Respecto al aumento en la variable R (factor de reproducción del virus) entre 0,4 y 0,9 puntos que parece que ha motivado la nueva cepa, se sigue considerando un problema grave. Ni el paso del verano al invierno había provocado un aumento tan determinante en el valor de esta letra clave para el control del virus. ¿Se puede decir con seguridad que será más transmisible? La opinión de los expertos es muy cautelosa en este punto. «Para poder dar respuesta realista a esta pregunta se necesita tiempo y estudios poblacionales que analicen cómo evoluciona la nueva cepa en contextos en los que haya otras cepas circulando en los mismos porcentajes», apunta Nistal.

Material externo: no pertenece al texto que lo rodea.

(* Let $0<\delta<1$, $\tau>0$, $n,M\ge1$, let $\mathbf S\in\mathbb R^{n\times n}$ with $\|\mathbf S\|_{op}\le C_\psi$, let $\boldsymbol\Upsilon=\mathrm{diag}(\nu_1,\dots,\nu_n)$ with $\nu_j>0$, and let $\boldsymbol\eta\sim N(0,\mathbf I_{nM})$. (i) For fixed $K\in[M]$, $\mathbf Z\in\mathcal M(M,K)$ and nonempty $J\subseteq[n]$, there is an event $\Omega_{1\tau}$ with $\mathbb P(\Omega_{1\tau})\ge1-\delta^\tau$ on which $$\|(\boldsymbol\Pi_{\mathbf Z,K}\otimes(\mathbf W_J\boldsymbol\Upsilon\mathbf S))\boldsymbol\eta\|^2\le 2KC_\psi^2\sum_{j\in J}\nu_j^2+3C_\psi^2\big(\max_{j\in J}\nu_j^2\big)\tau\ln(\delta^{-1}).$$ (ii) There is an event $\Omega_{2\tau}$ with $\mathbb P(\Omega_{2\tau})\ge1-\delta^\tau$ on which, simultaneously for all $K\in[M]$, all $\mathbf Z\in\mathcal M(M,K)$ and all nonempty $J\subseteq[n]$ (hence also for any random choice $\hat K,\hat{\mathbf Z},\hat J$), $$\|(\boldsymbol\Pi_{\mathbf Z,K}\otimes(\mathbf W_J\boldsymbol\Upsilon\mathbf S))\boldsymbol\eta\|^2\le 2KC_\psi^2\sum_{j\in J}\nu_j^2+3C_\psi^2\big(\max_{j\in J}\nu_j^2\big)\Big\{M\ln K+|J|\ln\frac{ne}{|J|}+\ln(Mn)+\tau\ln(\delta^{-1})\Big\}.$$ (iii) If in addition $\nu_1\le\nu_2\le\dots\le\nu_n$, then in (i) with $J=\{1,\dots,L\}$ the bound reads $2KC_\psi^2\sum_{j=1}^L\nu_j^2+3C_\psi^2\tau\ln(\delta^{-1})\nu_L^2$, and there is an event (again of probability at least $1-\delta^\tau$) on which, simultaneously for all $K\in[M]$, $\mathbf Z\in\mathcal M(M,K)$ and $L\in[n]$, $$\|(\boldsymbol\Pi_{\mathbf Z,K}\otimes(\mathbf W_{\{1,\dots,L\}}\boldsymbol\Upsilon\mathbf S))\boldsymbol\eta\|^2\le 2KC_\psi^2\sum_{j=1}^L\nu_j^2+3C_\psi^2\nu_L^2\big\{M\ln K+\ln(Mn)+\tau\ln(\delta^{-1})\big\}.$$
   Context: $[m]=\{1,\dots,m\}$. $\mathcal{M}(M,K)$ is the set of clustering matrices $\mathbf{Z}\in\{0,1\}^{M\times K}$ having exactly one entry $1$ in each row and at least one entry $1$ in each column. For $\mathbf{Z}\in\mathcal M(M,K)$, $\boldsymbol{\Pi}_{\mathbf{Z},K}=\mathbf{Z}(\mathbf{Z}^T\mathbf{Z})^{-1}\mathbf{Z}^T$. For $J\subseteq[n]$, $\mathbf{W}_J=\mathrm{diag}(w_1,\dots,w_n)$ with $w_j=1$ if $j\in J$ and $w_j=0$ otherwise. $\otimes$ is the Kronecker product, so $\boldsymbol\Pi_{\mathbf Z,K}\otimes(\mathbf W_J\boldsymbol\Upsilon\mathbf S)$ is an $nM\times nM$ matrix. *)

theory Defs
  imports "HOL-Probability.Probability" "Jordan_Normal_Form.Gauss_Jordan_Elimination"
begin

text \<open>Conventions: all indices are 0-based. Vectors of R^m are JNF vectors of dimension m;
 matrices are JNF matrices. Index (m, j) of R^{nM} = R^M (x) R^n is m*n + j.\<close>

definition sqnorm :: "real vec \<Rightarrow> real" where
  "sqnorm v = (\<Sum>i<dim_vec v. (v $ i)^2)"

definition op_norm :: "real mat \<Rightarrow> real" where
  "op_norm A = Sup {sqrt (sqnorm (A *\<^sub>v v)) | v. v \<in> carrier_vec (dim_col A) \<and> sqnorm v \<le> 1}"

definition kron :: "'a::times mat \<Rightarrow> 'a mat \<Rightarrow> 'a mat" where
  "kron A B = mat (dim_row A * dim_row B) (dim_col A * dim_col B)
     (\<lambda>(i,j). A $$ (i div dim_row B, j div dim_col B) * B $$ (i mod dim_row B, j mod dim_col B))"

definition clust_mats :: "nat \<Rightarrow> nat \<Rightarrow> real mat set" where
  "clust_mats M K = {Z. Z \<in> carrier_mat M K
      \<and> (\<forall>i<M. \<forall>k<K. Z $$ (i,k) = 0 \<or> Z $$ (i,k) = 1)
      \<and> (\<forall>i<M. card {k. k < K \<and> Z $$ (i,k) = 1} = 1)
      \<and> (\<forall>k<K. \<exists>i<M. Z $$ (i,k) = 1)}"

definition proj_clust :: "real mat \<Rightarrow> real mat" where
  "proj_clust Z = Z * the (mat_inverse (transpose_mat Z * Z)) * transpose_mat Z"

definition W_mat :: "nat \<Rightarrow> nat set \<Rightarrow> real mat" where
  "W_mat n J = mat_diag n (\<lambda>j. if j \<in> J then 1 else 0)"

definition gauss_space :: "nat \<Rightarrow> (nat \<Rightarrow> real) measure" where
  "gauss_space m = PiM {..<m} (\<lambda>_. density lborel std_normal_density)"

definition quad :: "nat \<Rightarrow> nat \<Rightarrow> real mat \<Rightarrow> (nat \<Rightarrow> real) \<Rightarrow> real mat \<Rightarrow> nat set \<Rightarrow> (nat \<Rightarrow> real) \<Rightarrow> real" where
  "quad n M S \<nu> Z J \<eta> =
     sqnorm (kron (proj_clust Z) (W_mat n J * mat_diag n \<nu> * S) *\<^sub>v vec (n*M) \<eta>)"

end

theory Submission
  imports Defs
begin

text \<open>
  Write B for \<Pi>_Z \<otimes> (W_J \<Upsilon> S), so the quadratic form is |B \<eta>|^2. For any matrix B and
  independent standard Gaussian vectors g and h, E exp(\<mu> |B h|^2) = E exp(\<mu> |B^T g|^2), as both
  sides equal E exp(sqrt(2\<mu>) g^T B h). The operator norm bound on S gives
  |B^T h|^2 \<le> C\<psi>^2 |V h|^2, where V = U^T \<otimes> W_J \<Upsilon> and U = Z (Z^T Z)^(-1/2), and symmetrising
  once more turns |V h|^2 into the weighted chi-square variable \<Sum>_(c,j) \<nu>_j^2 g_cj^2 with K |J|
  terms. Its moment generating function at \<lambda> = 1 / (3 C\<psi>^2 max_J \<nu>_j^2) is at most
  exp(2 \<lambda> K C\<psi>^2 \<Sum>_J \<nu>_j^2), and Chernoff's bound gives (i). The uniform bounds follow by a
  union bound: there are at most K^M clustering matrices, and the term |J| ln(ne/|J|) pays for
  the (n choose |J|) sets J of a given size.
\<close>

section \<open>Gaussian integrals\<close>

abbreviation std_normal :: "real measure" where
  "std_normal \<equiv> density lborel std_normal_density"

abbreviation std_gauss :: "'i set \<Rightarrow> ('i \<Rightarrow> real) measure" where
  "std_gauss I \<equiv> PiM I (\<lambda>_. std_normal)"

lemma prob_space_std_normal: "prob_space std_normal"
  by (rule prob_space_normal_density) simp

lemma prob_space_std_gauss: "prob_space (std_gauss I)"
  by (rule prob_space_PiM) (rule prob_space_std_normal)

lemma product_sigma_finite_std_normal: "product_sigma_finite (\<lambda>_::'i. std_normal)"
  unfolding product_sigma_finite_def
  using prob_space_std_normal prob_space_imp_sigma_finite by blast

lemma nn_integral_std_normal:
  "f \<in> borel_measurable borel \<Longrightarrow>
    (\<integral>\<^sup>+x. f x \<partial>std_normal) = (\<integral>\<^sup>+x. ennreal (std_normal_density x) * f x \<partial>lborel)"
  by (subst nn_integral_density) auto

lemma nn_integral_normal_density:
  assumes "0 < \<sigma>"
  shows "(\<integral>\<^sup>+x. ennreal (normal_density \<mu> \<sigma> x) \<partial>lborel) = 1"
proof -
  interpret prob_space "density lborel (normal_density \<mu> \<sigma>)"
    using assms by (rule prob_space_normal_density)
  show ?thesis
    using emeasure_space_1 by (simp add: emeasure_density)
qed

lemma std_normal_mgf: "(\<integral>\<^sup>+x. ennreal (exp (a*x)) \<partial>std_normal) = ennreal (exp (a^2/2))"
proof -
  have "(\<integral>\<^sup>+x. ennreal (exp (a*x)) \<partial>std_normal)
      = (\<integral>\<^sup>+x. ennreal (std_normal_density x) * ennreal (exp (a*x)) \<partial>lborel)"
    by (rule nn_integral_std_normal) measurable
  also have "\<dots> = (\<integral>\<^sup>+x. ennreal (exp (a^2/2)) * ennreal (normal_density a 1 x) \<partial>lborel)"
  proof (rule nn_integral_cong)
    fix x
    have "std_normal_density x * exp (a*x) = exp (a^2/2) * normal_density a 1 x"
      unfolding normal_density_def
      by (simp add: exp_add[symmetric] power2_eq_square algebra_simps add_divide_distrib diff_divide_distrib)
    then show "ennreal (std_normal_density x) * ennreal (exp (a*x))
        = ennreal (exp (a^2/2)) * ennreal (normal_density a 1 x)"
      by (simp add: ennreal_mult[symmetric])
  qed
  also have "\<dots> = ennreal (exp (a^2/2))"
    by (subst nn_integral_cmult) (auto simp: nn_integral_normal_density)
  finally show ?thesis .
qed

lemma std_normal_exp_square:
  assumes "0 \<le> b" "b < 1/2"
  shows "(\<integral>\<^sup>+x. ennreal (exp (b*x^2)) \<partial>std_normal) = ennreal (1 / sqrt (1 - 2*b))"
proof -
  define s where "s = 1 / sqrt (1 - 2*b)"
  have pos: "0 < 1 - 2*b" using assms by simp
  then have s: "0 < s" "s^2 = 1/(1 - 2*b)" by (simp_all add: s_def power_divide)
  have "(\<integral>\<^sup>+x. ennreal (exp (b*x^2)) \<partial>std_normal)
      = (\<integral>\<^sup>+x. ennreal (std_normal_density x) * ennreal (exp (b*x^2)) \<partial>lborel)"
    by (rule nn_integral_std_normal) measurable
  also have "\<dots> = (\<integral>\<^sup>+x. ennreal s * ennreal (normal_density 0 s x) \<partial>lborel)"
  proof (rule nn_integral_cong)
    fix x
    have "s * normal_density 0 s x = exp (- (x^2 / (2 * s^2))) / sqrt (2 * pi)"
      using s(1) by (simp add: normal_density_def real_sqrt_mult)
    also have "\<dots> = std_normal_density x * exp (b*x^2)"
      using pos by (simp add: s(2) std_normal_density_def exp_add[symmetric] field_simps)
    finally show "ennreal (std_normal_density x) * ennreal (exp (b*x^2))
        = ennreal s * ennreal (normal_density 0 s x)"
      using s(1) by (simp add: ennreal_mult[symmetric])
  qed
  also have "\<dots> = ennreal s"
    using s(1) by (subst nn_integral_cmult) (auto simp: nn_integral_normal_density)
  finally show ?thesis by (simp add: s_def)
qed

lemma std_gauss_mgf:
  assumes "finite I"
  shows "(\<integral>\<^sup>+g. ennreal (exp (\<Sum>i\<in>I. w i * g i)) \<partial>std_gauss I) = ennreal (exp (\<Sum>i\<in>I. (w i)^2/2))"
proof -
  interpret product_sigma_finite "\<lambda>_::'a. std_normal" by (rule product_sigma_finite_std_normal)
  have "(\<integral>\<^sup>+g. ennreal (exp (\<Sum>i\<in>I. w i * g i)) \<partial>std_gauss I)
      = (\<integral>\<^sup>+g. (\<Prod>i\<in>I. (\<lambda>i x. ennreal (exp (w i * x))) i (g i)) \<partial>std_gauss I)"
    using assms by (intro nn_integral_cong) (simp add: exp_sum prod_ennreal)
  also have "\<dots> = (\<Prod>i\<in>I. (\<integral>\<^sup>+x. ennreal (exp (w i * x)) \<partial>std_normal))"
    by (rule product_nn_integral_prod) (use assms in auto)
  also have "\<dots> = ennreal (exp (\<Sum>i\<in>I. (w i)^2/2))"
    using assms by (simp add: std_normal_mgf exp_sum prod_ennreal)
  finally show ?thesis .
qed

Y es que no está tan claro que esta nueva cepa vaya a convertirse en dominante. Los investigadores del laboratorio de Vineet D. Menachery, uno de los centros de referencia en el mundo en el estudio del SARS-CoV-2 que lidera Ralph Baric, el virólogo más prestigioso en el estudio de coronavirus que desde los noventa sospechaba que los coronavirus podían pasar a los humanos desde otras especies, explican que hay muchas variantes que pueden hacer que B117, con su potencial de contagio un 70 por ciento superior, no acabe imponiéndose sobre otras cuando salga de su «hábitat natural». De hecho, hasta ahora solamente se han encontrado casos aislados fuera de Reino Unido, en Dinamarca, Países Bajos, Italia, Suráfrica, Australia y el caso reportado en Gibraltar. «Supongamos, por ejemplo, que esta nueva cepa ha surgido de eventos de supercontagio en el sureste del Reino Unido, y que ha conseguido extenderse rápidamente por esta zona porque las condiciones le han sido favorables. Esto no significa que, cuando compita con otras variantes en otro contexto geográfico, sea capaz de imponerse. Está por ver», apunta Nistal.

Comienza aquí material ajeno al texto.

definition ideal_prod :: "'a::ring_1 set \<Rightarrow> 'a set \<Rightarrow> 'a set" where
  "ideal_prod I J = {\<Sum>i<n. f i * g i | (n::nat) f g. \<forall>i<n. f i \<in> I \<and> g i \<in> J}"

fun ideal_prod_list :: "'a::ring_1 set list \<Rightarrow> 'a set" where
  "ideal_prod_list [] = UNIV"
| "ideal_prod_list (m # ms) = ideal_prod m (ideal_prod_list ms)"

definition Wd :: "'a::ring_1 set set \<Rightarrow> 'a set set" where
  "Wd B = {ideal_prod_list ms | ms. set ms \<subseteq> B}"

definition is_module :: "('a::ring_1 \<Rightarrow> 'v::ab_group_add \<Rightarrow> 'v) \<Rightarrow> bool" where
  "is_module act \<longleftrightarrow> (\<forall>a b v. act (a + b) v = act a v + act b v) \<and>
     (\<forall>a v w. act a (v + w) = act a v + act a w) \<and>
     (\<forall>a b v. act (a * b) v = act a (act b v)) \<and> (\<forall>v. act 1 v = v)"

definition is_module_hom :: "('a::ring_1 \<Rightarrow> 'v::ab_group_add \<Rightarrow> 'v) \<Rightarrow>
    ('a \<Rightarrow> 'w::ab_group_add \<Rightarrow> 'w) \<Rightarrow> ('v \<Rightarrow> 'w) \<Rightarrow> bool" where
  "is_module_hom actV actW f \<longleftrightarrow> (\<forall>v w. f (v + w) = f v + f w) \<and> (\<forall>a v. f (actV a v) = actW a (f v))"

definition block_part :: "('a::ring_1 \<Rightarrow> 'v::ab_group_add \<Rightarrow> 'v) \<Rightarrow> 'a set set \<Rightarrow> 'v set" where
  "block_part act B = {v. \<exists>m\<in>Wd B. \<forall>x\<in>m. act x v = 0}"

definition blocks :: "('k::field \<Rightarrow> 'a::ring_1 \<Rightarrow> 'a) \<Rightarrow> ('a set \<times> 'a set) set \<Rightarrow> 'a set set set" where
  "blocks sc R = cfs sc // R"

text \<open>V is the (internal) direct sum of the V(B), B ranging over the blocks.\<close>
definition block_module :: "('k::field \<Rightarrow> 'a::ring_1 \<Rightarrow> 'a) \<Rightarrow> ('a set \<times> 'a set) set \<Rightarrow>
    ('a \<Rightarrow> 'v::ab_group_add \<Rightarrow> 'v) \<Rightarrow> bool" where
  "block_module sc R act \<longleftrightarrow>
     (\<forall>v. \<exists>f. finite {B\<in>blocks sc R. f B \<noteq> 0} \<and> (\<forall>B\<in>blocks sc R. f B \<in> block_part act B) \<and>
              v = (\<Sum>B\<in>{B\<in>blocks sc R. f B \<noteq> 0}. f B)) \<and>
     (\<forall>f. finite {B\<in>blocks sc R. f B \<noteq> 0} \<and> (\<forall>B\<in>blocks sc R. f B \<in> block_part act B) \<and>
              (\<Sum>B\<in>{B\<in>blocks sc R. f B \<noteq> 0}. f B) = 0 \<longrightarrow> (\<forall>B\<in>blocks sc R. f B = 0))"

definition Supp :: "('k::field \<Rightarrow> 'a::ring_1 \<Rightarrow> 'a) \<Rightarrow> ('a set \<times> 'a set) set \<Rightarrow>
    ('a \<Rightarrow> 'v::ab_group_add \<Rightarrow> 'v) \<Rightarrow> 'a set set set" where
  "Supp sc R act = {B\<in>blocks sc R. block_part act B \<noteq> {0}}"

end

(* Distinct blocks are disjoint sets of maximal ideals, so every ideal in W(B) is comaximal
   with every ideal in W(B') when B and B' are distinct blocks. If v in V(B) is killed by m in
   W(B) and s is a finite sum of elements of V(B') over blocks B' other than B, one therefore
   finds a in m with (1 - a) s = 0, and v = a v + (1 - a) v shows that v = s forces v = 0.
   So in every module the sum of the V(B) is direct, and being a block module only means being
   spanned by the V(B).
   Homomorphisms map V(B) into W(B), and injective ones reflect membership in V(B). Hence the
   image of a decomposition in V is a decomposition in W; and if f u decomposes in V, then g
   kills each component by directness in W, so each component comes from V(B) of U. Directness
   in W also shows that a nonzero element of W(B) is the image of the B-component of any of its
   preimages, whence Supp(W) is contained in Supp(V). *)

theory Submission
  imports Defs
begin

section \<open>Two-sided ideals and their products\<close>

lemma
  assumes "two_sided_ideal I"
  shows two_sided_ideal_zero: "0 \<in> I"
    and two_sided_ideal_add: "x \<in> I \<Longrightarrow> y \<in> I \<Longrightarrow> x + y \<in> I"
    and two_sided_ideal_uminus: "x \<in> I \<Longrightarrow> - x \<in> I"
    and two_sided_ideal_mult_left: "x \<in> I \<Longrightarrow> r * x \<in> I"
    and two_sided_ideal_mult_right: "x \<in> I \<Longrightarrow> x * r \<in> I"
  using assms unfolding two_sided_ideal_def by blast+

Otra buena noticia es que los cambios de esta variante tienen una baja probabilidad de afectar a las pruebas de diagnóstico para detectar positivos. «Las pruebas de PCR se basan en más de un gen, y no todos ellos se ven afectados por las mutaciones de esta variante. Por otra parte, ni los test de detección de anticuerpos ni, seguramente, los de antígenos, se vean afectados. La razón es que si los test de detección de antígeno contienen una mezcla de anticuerpos existe una probabilidad muy baja de que todos ellos se vean afectados por la nueva variante del virus, como se ha comentado antes respecto a la inmunidad frente a la vacuna. En particular, si el test contiene varios anticuerpos neutralizantes es muy probable que la mayoría de ellos siga uniéndose y, por tanto, reconociendo antígenos del virus. Las empresas que fabrican estos test de detección de antígenos del virus deberían de comunicar su composición y validez», concluye.